Touying can work properly with the Theorion package, you can directly use the theorion package. Additionally, you can use #set heading(numbering: "1.1") to set numbering for sections and subsections.

Note: To make animation commands like #pause work properly with theorion, you need to use config-common(frozen-counters: (theorem-counter,)) to bind counters that need to be frozen.

#import "@preview/touying:0.6.3": *
#import themes.university: *
#import "@preview/numbly:0.1.0": numbly
#import "@preview/theorion:0.4.1": *
#import cosmos.clouds: *
#show: show-theorion

#show: university-theme.with(
  aspect-ratio: "16-9",
  config-common(frozen-counters: (theorem-counter,)),  // freeze theorem counter for animation
)

#set heading(numbering: numbly("{1}.", default: "1.1"))

= Theorems

== Prime numbers

#definition[
  A natural number is called a #highlight[_prime number_] if it is greater
  than 1 and cannot be written as the product of two smaller natural numbers.
]
#example[
  The numbers $2$, $3$, and $17$ are prime.
  @cor_largest_prime shows that this list is not exhaustive!
]

#pause

#theorem(title: "Euclid")[
  There are infinitely many primes.
]

#pagebreak(weak: true)

#proof[
  Suppose to the contrary that $p_1, p_2, dots, p_n$ is a finite enumeration
  of all primes. Set $P = p_1 p_2 dots p_n$. Since $P + 1$ is not in our list,
  it cannot be prime. Thus, some prime factor $p_j$ divides $P + 1$. Since
  $p_j$ also divides $P$, it must divide the difference $(P + 1) - P = 1$, a
  contradiction.
]

#corollary[
  There is no largest prime number.
] <cor_largest_prime>
#corollary[
  There are infinitely many composite numbers.
]

#theorem[
  There are arbitrarily long stretches of composite numbers.
]

#proof[
  For any $n > 2$, consider $
    n! + 2, quad n! + 3, quad ..., quad n! + n
  $
]
Touying example output

Why frozen-counters is Required

Touying renders each subslide by re-evaluating slide content. Without frozen-counters, Theorion's internal theorem-counter would increment on every subslide, causing theorem numbers to jump unexpectedly.

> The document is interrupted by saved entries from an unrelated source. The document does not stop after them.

lemma degree_P_minus_Q: "degree (P - Q) = Suc n"
proof (rule antisym)
  have deg: "degree ([:- b, 1:] * alt_poly N n) = Suc n"
    by (simp add: degree_mult_eq del: mult_pCons_left)
  then have "degree P = Suc n" using K_pos by (simp add: P_def)
  moreover have "degree Q = Suc n" by (simp add: Q_def)
  ultimately show "degree (P - Q) \<le> Suc n" by (metis degree_diff_le order_refl)
  have "coeff P (Suc n) = - K * lead_coeff ([:- b, 1:] * alt_poly N n)"
    by (simp only: P_def coeff_smult deg[symmetric])
  then have "coeff P (Suc n) = - K"
    using lead_coeff_alt_poly[of N n] by (simp add: lead_coeff_mult del: mult_pCons_left)
  moreover have "coeff Q (Suc n) = 1"
    using lead_coeff_alt_poly[of N "Suc n"] by (simp add: Q_def)
  ultimately have "coeff (P - Q) (Suc n) \<noteq> 0" using K_pos by simp
  then show "Suc n \<le> degree (P - Q)" by (rule le_degree)
qed

lemma sign_at_power:
  assumes "m < n"
  shows "if even (n + m) then poly (P - Q) (N ^ m) < 0 else 0 < poly (P - Q) (N ^ m)"
proof -
  define x where "x = N ^ m"
  define w where "w = poly (alt_poly N n) x"
  define \<rho> where "\<rho> = poly Q x / w"
  have x_pos: "0 < x" using N_gt_1 by (simp add: x_def)
  have w_pos: "0 < w" using N_gt_1 x_pos unfolding w_def by (intro alt_poly_pos) auto
  have f_eq: "poly (P - Q) x = w * (K * (b - x) - \<rho>)"
    using w_pos by (simp add: poly_P \<rho>_def w_def field_simps)
  have "m \<le> n - 1" using assms by simp
  have N_power: "N ^ n = N * N ^ (n - 1)"
    using assms by (metis Suc_pred' gr_implies_not0 neq0_conv power_Suc)
  show ?thesis
  proof (cases "even (n + m)")
    case True
    then have "N ^ n / 4 ^ n \<le> \<rho>"
      using alt_poly_ratio_bounds(1)[where N = N and m = m and n = n] N_gt_1 assms
      by (simp add: \<rho>_def w_def x_def Q_def max_def)
    moreover have "K * (b - x) < N ^ n / 4 ^ n"
    proof -
      have "K * (b - x) < K * b" using K_pos x_pos by simp
      also have "\<dots> = (2 * K * 4 ^ n) * N ^ (n - 1) / 4 ^ n" by (simp add: b_def)
      also have "\<dots> \<le> N * N ^ (n - 1) / 4 ^ n"
        using N_ge N_gt_1 by (intro divide_right_mono mult_right_mono) auto
      finally show ?thesis by (simp add: N_power)
    qed
    ultimately have "poly (P - Q) x < 0" unfolding f_eq using w_pos by (simp add: mult_pos_neg)
    then show ?thesis using True by (simp add: x_def)
  next
    case False
    then have "\<rho> \<le> 4 ^ n * N ^ (n - 1)"
      using alt_poly_ratio_bounds(2)[where N = N and m = m and n = n] N_gt_1 \<open>m \<le> n - 1\<close>
      by (simp add: \<rho>_def w_def x_def Q_def max_def)
    moreover have "4 ^ n * N ^ (n - 1) < K * (b - x)"
    proof -
      have "x \<le> N ^ (n - 1)"
        using N_gt_1 \<open>m \<le> n - 1\<close> unfolding x_def by (intro power_increasing) auto
      then have "N ^ (n - 1) \<le> b - x" by (simp add: b_def)
      have "4 ^ n * N ^ (n - 1) < K * N ^ (n - 1)"
        using K_gt N_gt_1 by simp
      also have "\<dots> \<le> K * (b - x)"
        using K_pos \<open>N ^ (n - 1) \<le> b - x\<close> by simp
      finally show ?thesis .
    qed
    ultimately have "0 < poly (P - Q) x" unfolding f_eq using w_pos by simp
    then show ?thesis using False by (simp add: x_def)
  qed
qed

definition test_point :: "nat \<Rightarrow> real" where
  "test_point j = (if j = 0 then 0 else if j \<le> n then N ^ (j - 1) else b)"

lemma test_point_step: "j \<le> n \<Longrightarrow> test_point j < test_point (Suc j)"
  using N_gt_1 by (cases "j = n") (auto simp: test_point_def b_def power_strict_increasing)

config-common(frozen-counters: (theorem-counter,)) tells Touying to capture the counter value at the start of each slide and restore it before rendering each subslide, so theorem numbers remain consistent across animation steps.

Multiple Counter Types

If you also have figure counters that should be frozen:

config-common(frozen-counters: (theorem-counter, figure.where(kind: image)))

Cosmos Styles

Theorion ships with several visual styles. The example above uses cosmos.clouds. Others include cosmos.fancy, cosmos.aurora, and more. See the Theorion documentation for details.